Matt Riedemann (mriedem) on 2013-12-05
Changed in nova:
status: New → Confirmed
tags: added: testing
Attila Fazekas (afazekas) wrote :

The root cause is the instance remains in the 'image_uploading' state, for more then 196 sec, it is not expected.
grep -B 1 8bf31076-4c33-4b41.*image_uploading tempest.txt.gz # http://logs.openstack.org/34/59034/5/check/check-tempest-dsvm-full/548ebd0/logs/tempest.txt.gz

It is not a quota issue.

The quota issue a secondary failure.

NOTE: This tempest change would help in making the real issue more visible https://review.openstack.org/#/c/54318/,
I will rebase it when the 'image_uploading' state issue addressed.

Changed in tempest:
assignee: nobody → Ken'ichi Ohmichi (oomichi)

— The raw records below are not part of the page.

(* Let $d\ge1$ and let $\psi\in L^1(\mathbb R^d)\cap L^\infty(\mathbb R^d)$ be real-valued with $\widehat\psi(0)\ge0$, and let $a=\|\psi\|_{L^\infty}$, $b=\|\psi\|_{L^1}$, and $c>0$ be such that $c|\widehat\psi(\xi)|\ge1$ for all $\xi\in B^d_1$. Let $f\in PW_d\setminus\{0\}$ satisfy $\int_{\mathbb R^d}f\le0$, and set $T_\psi(f)=f*\psi$. Then $$|\{x\in\mathbb R^d: f(x)<0\}|\cdot|\{\xi\in\mathbb R^d: T_\psi(f)(\xi)<0\}|\ \ge\ (16a^2b^2c^4)^{-1}.$$ In particular, if there are $r_1,r_2>0$ with $f(x)\ge0$ for $|x|\ge r_1$ and $T_\psi(f)(\xi)\ge0$ for $|\xi|\ge r_2$, then $r_1r_2\ge(16a^2b^2c^4|B^d_1|^2)^{-1/d}$.
   Context: $\widehat f(\xi)=\int_{\mathbb R^d}f(x)e^{-2\pi i\langle x,\xi\rangle}dx$. $B^d_1$ is the closed unit ball in $\mathbb R^d$ centered at $0$, $|E|$ denotes Lebesgue measure. $PW_d$ is the set of real-valued continuous $f\in L^1(\mathbb R^d)$ with $\operatorname{supp}\widehat f\subseteq B^d_1$. *)

theory Defs
  imports "HOL-Analysis.Analysis" "HOL-Probability.Essential_Supremum"
begin

definition fourier_transform :: "('a::euclidean_space \<Rightarrow> real) \<Rightarrow> 'a \<Rightarrow> complex" where
  "fourier_transform f \<xi> =
     (\<integral>x. complex_of_real (f x) * cis (- 2 * pi * (x \<bullet> \<xi>)) \<partial>lebesgue)"

definition convolution :: "('a::euclidean_space \<Rightarrow> real) \<Rightarrow> ('a \<Rightarrow> real) \<Rightarrow> 'a \<Rightarrow> real" where
  "convolution f g x = (\<integral>y. f y * g (x - y) \<partial>lebesgue)"

definition PW :: "('a::euclidean_space \<Rightarrow> real) set" where
  "PW = {f. continuous_on UNIV f \<and> integrable lebesgue f \<and>
            closure {\<xi>. fourier_transform f \<xi> \<noteq> 0} \<subseteq> cball 0 1}"

definition Linf_norm :: "('a::euclidean_space \<Rightarrow> real) \<Rightarrow> ereal" where
  "Linf_norm f = esssup lebesgue (\<lambda>x. ereal \<bar>f x\<bar>)"

end

theory Submission
  imports Defs "HOL-Probability.Characteristic_Functions" "HOL-Real_Asymp.Real_Asymp"
begin

text \<open>
  Write \<open>g = f * \<psi>\<close>, \<open>A = {f < 0}\<close>, \<open>B = {g < 0}\<close>. As \<open>\<integral>f \<le> 0\<close> and
  \<open>\<integral>g = \<integral>f \<cdot> \<integral>\<psi> \<le> 0\<close>, at least half of the \<open>L\<^sup>1\<close> mass of \<open>f\<close> lies on \<open>A\<close>, so by
  Cauchy--Schwarz \<open>\<parallel>f\<parallel>\<^sub>1\<^sup>2 \<le> 4 |A| \<parallel>f\<parallel>\<^sub>2\<^sup>2\<close>, and likewise \<open>\<parallel>g\<parallel>\<^sub>1\<^sup>2 \<le> 4 |B| \<parallel>g\<parallel>\<^sub>2\<^sup>2\<close>.
  By Plancherel, \<open>\<parallel>f\<parallel>\<^sub>2 = \<parallel>f\<^sup>\<and>\<parallel>\<^sub>2\<close> and \<open>\<parallel>g\<parallel>\<^sub>2 = \<parallel>f\<^sup>\<and> \<psi>\<^sup>\<and>\<parallel>\<^sub>2\<close>; since \<open>f\<^sup>\<and>\<close> lives on the unit ball,
  where \<open>c |\<psi>\<^sup>\<and>| \<ge> 1\<close>, this gives \<open>\<parallel>f\<parallel>\<^sub>2 \<le> c \<parallel>g\<parallel>\<^sub>2\<close>. Finally
  \<open>\<parallel>g\<parallel>\<^sub>2\<^sup>2 \<le> \<parallel>g\<parallel>\<^sub>\<infinity> \<parallel>g\<parallel>\<^sub>1 \<le> a \<parallel>f\<parallel>\<^sub>1 \<parallel>g\<parallel>\<^sub>1\<close>, and multiplying everything out yields
  \<open>16 a\<^sup>2 c\<^sup>2 |A| |B| \<ge> 1\<close>; the stated constant follows from \<open>b c \<ge> c |\<psi>\<^sup>\<and>(0)| \<ge> 1\<close>.
  If \<open>A\<close> and \<open>B\<close> lie in balls of radii \<open>r\<^sub>1\<close>, \<open>r\<^sub>2\<close>, then \<open>|A| |B| \<le> |B\<^sub>1|\<^sup>2 (r\<^sub>1 r\<^sub>2)\<^sup>d\<close>.

  Fourier inversion (for \<open>f\<close>, and hence for \<open>g\<close>) is obtained by Gaussian summability, using the
  Fourier transform of the Gaussian from the characteristic function of the normal distribution;
  Plancherel then follows from inversion by Fubini.
\<close>

lemma measurable_cis [measurable]:
  "f \<in> borel_measurable M \<Longrightarrow> (\<lambda>x. cis (f x)) \<in> borel_measurable M"
  unfolding cis_conv_exp by measurable

lemma cis_sum: "finite I \<Longrightarrow> cis (sum f I) = (\<Prod>i\<in>I. cis (f i))"
  by (induction I rule: finite_induct) (auto simp: cis_mult[symmetric])

lemma norm_power2_eq_sum_Basis: "(norm (x::'a::euclidean_space))\<^sup>2 = (\<Sum>b\<in>Basis. (x \<bullet> b)\<^sup>2)"
  unfolding power2_norm_eq_inner by (subst euclidean_inner) (simp add: power2_eq_square)

lemma lborel_distr_translate: "distr lborel borel (\<lambda>y. y - t) = (lborel :: 'a::euclidean_space measure)"
proof -
  have "(\<lambda>y. y - t) = (+) (- t)" by (simp add: fun_eq_iff)
  then show ?thesis by (simp add: lborel_distr_plus)
qed

lemma lborel_distr_reflect: "distr lborel borel (\<lambda>y. t - y) = (lborel :: 'a::euclidean_space measure)"
  using lborel_affine[of "-1" t] by (simp add: density_1)

lemma lborel_integral_translate:
  fixes h :: "'a::euclidean_space \<Rightarrow> 'b::{banach, second_countable_topology}"
  assumes [measurable]: "h \<in> borel_measurable borel"
  shows "(\<integral>y. h (y - t) \<partial>lborel) = integral\<^sup>L lborel h"
    and "integrable lborel (\<lambda>y. h (y - t)) \<longleftrightarrow> integrable lborel h"
  by (subst (2) lborel_distr_translate[symmetric, of t], subst integral_distr integrable_distr_eq; simp)+

lemma lborel_integral_reflect:
  fixes h :: "'a::euclidean_space \<Rightarrow> 'b::{banach, second_countable_topology}"
  assumes [measurable]: "h \<in> borel_measurable borel"
  shows "(\<integral>y. h (t - y) \<partial>lborel) = integral\<^sup>L lborel h"
    and "integrable lborel (\<lambda>y. h (t - y)) \<longleftrightarrow> integrable lborel h"
  by (subst (2) lborel_distr_reflect[symmetric, of t], subst integral_distr integrable_distr_eq; simp)+

lemma AE_lborel_reflect:
  fixes x :: "'a::euclidean_space"
  assumes "AE z in lborel. P z"
  shows "AE y in lborel. P (x - y)"
proof -
  obtain N where N: "N \<in> null_sets lborel" "{z \<in> space lborel. \<not> P z} \<subseteq> N"
    using assms unfolding eventually_ae_filter by auto
  then have "N \<in> null_sets (distr lborel borel (\<lambda>y. x - y))"
    by (simp add: lborel_distr_reflect)
  then have "(\<lambda>y. x - y) -` N \<in> null_sets lborel"
    by (subst (asm) null_sets_distr_iff) auto
  then show ?thesis
    by (rule AE_I') (use N(2) in auto)
qed

lemma integrable_pair_lborel_bound:
  fixes h :: "('a::euclidean_space \<times> 'b::euclidean_space) \<Rightarrow> 'c::{banach, second_countable_topology}"
  assumes [measurable]: "h \<in> borel_measurable (lborel \<Otimes>\<^sub>M lborel)"
    and p: "integrable lborel p" and q: "integrable lborel q"
    and bound: "\<And>x y. norm (h (x, y)) \<le> p x * q y"
  shows "integrable (lborel \<Otimes>\<^sub>M lborel) h"
proof (rule Bochner_Integration.integrable_bound)
  have [measurable]: "p \<in> borel_measurable borel" "q \<in> borel_measurable borel"
    using p q by (simp_all add: borel_measurable_integrable)
  show "integrable (lborel \<Otimes>\<^sub>M lborel) (\<lambda>(x, y). p x * q y)"
  proof (rule lborel_pair.Fubini_integrable)
    have "integrable lborel (\<lambda>x. \<bar>p x\<bar> * (\<integral>y. \<bar>q y\<bar> \<partial>lborel))"
      using p by (intro integrable_mult_left) simp
    then show "integrable lborel (\<lambda>x. \<integral>y. norm (case (x, y) of (x, y) \<Rightarrow> p x * q y) \<partial>lborel)"
      by (simp add: abs_mult)
  qed (use q in simp_all)
  show "AE z in lborel \<Otimes>\<^sub>M lborel. norm (h z) \<le> norm (case z of (x, y) \<Rightarrow> p x * q y)"
    using bound by (auto split: prod.split intro: order_trans[OF _ abs_ge_self])
qed simp

section \<open>The Gaussian and its Fourier transform\<close>

lemma fourier_gaussian_real:
  fixes s w :: real
  assumes s: "s > 0"
  shows "integrable lborel (\<lambda>y. complex_of_real (exp (- pi * s * y\<^sup>2)) * cis (- 2 * pi * w * y))"
    and "(\<integral>y. complex_of_real (exp (- pi * s * y\<^sup>2)) * cis (- 2 * pi * w * y) \<partial>lborel)
           = complex_of_real (exp (- pi * w\<^sup>2 / s) / sqrt s)"
proof -
  define k where "k = sqrt (2 * pi * s)"
  have k: "k > 0" "k\<^sup>2 = 2 * pi * s"
    using s by (simp_all add: k_def)
  define t where "t = - 2 * pi * w / k"
  define h where "h = (\<lambda>x. complex_of_real (std_normal_density x) * iexp (t * x))"
  have h_char: "integrable lborel h \<and> integral\<^sup>L lborel h = complex_of_real (exp (- (t\<^sup>2) / 2))"
  proof -
    interpret real_distribution std_normal_distribution
      by (rule real_dist_normal_dist)
    have "integrable std_normal_distribution (\<lambda>x. iexp (t * x))"
      by (rule integrable_iexp) auto
    moreover have "char std_normal_distribution t = complex_of_real (exp (- (t\<^sup>2) / 2))"
      by (simp add: char_std_normal_distribution)
    ultimately show ?thesis
      unfolding char_def h_def by (simp add: integrable_density integral_density scaleR_conv_of_real)
  qed
  have rescale: "(\<lambda>y. complex_of_real (sqrt (2 * pi)) * h (0 + k * y))
      = (\<lambda>y. complex_of_real (exp (- pi * s * y\<^sup>2)) * cis (- 2 * pi * w * y))"
  proof
    fix y
    have "- (k * y)\<^sup>2 / 2 = - pi * s * y\<^sup>2" "t * (k * y) = - 2 * pi * w * y"
      using k by (simp_all add: t_def power_mult_distrib)
    then show "complex_of_real (sqrt (2 * pi)) * h (0 + k * y)
        = complex_of_real (exp (- pi * s * y\<^sup>2)) * cis (- 2 * pi * w * y)"
      unfolding h_def std_normal_density_def by (simp add: cis_conv_exp mult.commute)
  qed
  show "integrable lborel (\<lambda>y. complex_of_real (exp (- pi * s * y\<^sup>2)) * cis (- 2 * pi * w * y))"
    unfolding rescale[symmetric] using lborel_integrable_real_affine[of h k 0] h_char k by simp
  have "integral\<^sup>L lborel h = k *\<^sub>R (\<integral>y. h (0 + k * y) \<partial>lborel)"
    using lborel_integral_real_affine[of k h 0] k by simp
  moreover have "t\<^sup>2 / 2 = pi * w\<^sup>2 / s" "k / sqrt (2 * pi) = sqrt s"
    using k s by (simp_all add: t_def k_def field_simps real_sqrt_mult power2_eq_square)
  ultimately show "(\<integral>y. complex_of_real (exp (- pi * s * y\<^sup>2)) * cis (- 2 * pi * w * y) \<partial>lborel)
      = complex_of_real (exp (- pi * w\<^sup>2 / s) / sqrt s)"
    unfolding rescale[symmetric] using h_char k s
    by (simp add: scaleR_conv_of_real field_simps)
qed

Fix proposed to branch: master
Review: https://review.openstack.org/61313

Changed in tempest:
status: New → In Progress
Ken'ichi Ohmichi (oomichi) wrote :

According to http://logs.openstack.org/84/59684/4/check/check-tempest-dsvm-postgres-full/9e38ebb/logs/screen-n-api.txt.gz ,
many server deletions happens against the same server(id: f026ea0a-2416-47fa-86e4-2bc90e01276d) in ServerActionsTestJSON tests:

$ grep ServerActionsTestJSON-tempest-1102878952-tenant screen-n-api.txt.gz | grep "DELETE /v2/1b34950e30e6452bbae32b9f06d7bf53/servers/" | awk '{print $1 " " $2 " " $10 " " $13}' | sed s@"/v2/1b34950e30e6452bbae32b9f06d7bf53/servers/"@""@g
2013-12-04 06:34:49.639 f026ea0a-2416-47fa-86e4-2bc90e01276d 204
2013-12-04 06:35:20.347 f026ea0a-2416-47fa-86e4-2bc90e01276d 404
2013-12-04 06:35:32.904 f026ea0a-2416-47fa-86e4-2bc90e01276d 404
2013-12-04 06:35:54.841 f026ea0a-2416-47fa-86e4-2bc90e01276d 404
2013-12-04 06:36:04.800 f026ea0a-2416-47fa-86e4-2bc90e01276d 404
2013-12-04 06:36:39.970 f026ea0a-2416-47fa-86e4-2bc90e01276d 404
2013-12-04 06:36:52.429 f026ea0a-2416-47fa-86e4-2bc90e01276d 404
2013-12-04 06:37:09.871 f026ea0a-2416-47fa-86e4-2bc90e01276d 404
2013-12-04 06:37:23.965 f026ea0a-2416-47fa-86e4-2bc90e01276d 404
2013-12-04 06:37:36.607 f026ea0a-2416-47fa-86e4-2bc90e01276d 404
2013-12-04 06:38:17.267 f026ea0a-2416-47fa-86e4-2bc90e01276d 404
2013-12-04 06:38:17.641 f026ea0a-2416-47fa-86e4-2bc90e01276d 404
2013-12-04 06:38:18.022 f026ea0a-2416-47fa-86e4-2bc90e01276d 404
2013-12-04 06:38:18.231 ad4beaca-836a-44f7-822e-e23217906f11 204
2013-12-04 06:38:18.530 288c5e83-f843-4666-a7c1-7f609c0fee79 204
2013-12-04 06:38:18.990 3fb965f6-53e5-4126-91b2-0fac6c35fdb0 204

The server is created when "2013-12-04 06:30:26.613".
The would be created at setUpClass() as the first server.

 51 def setUpClass(cls):
 52 super(ServerActionsTestJSON, cls).setUpClass()
 53 cls.client = cls.servers_client
 54 cls.server_id = cls.rebuild_server(None)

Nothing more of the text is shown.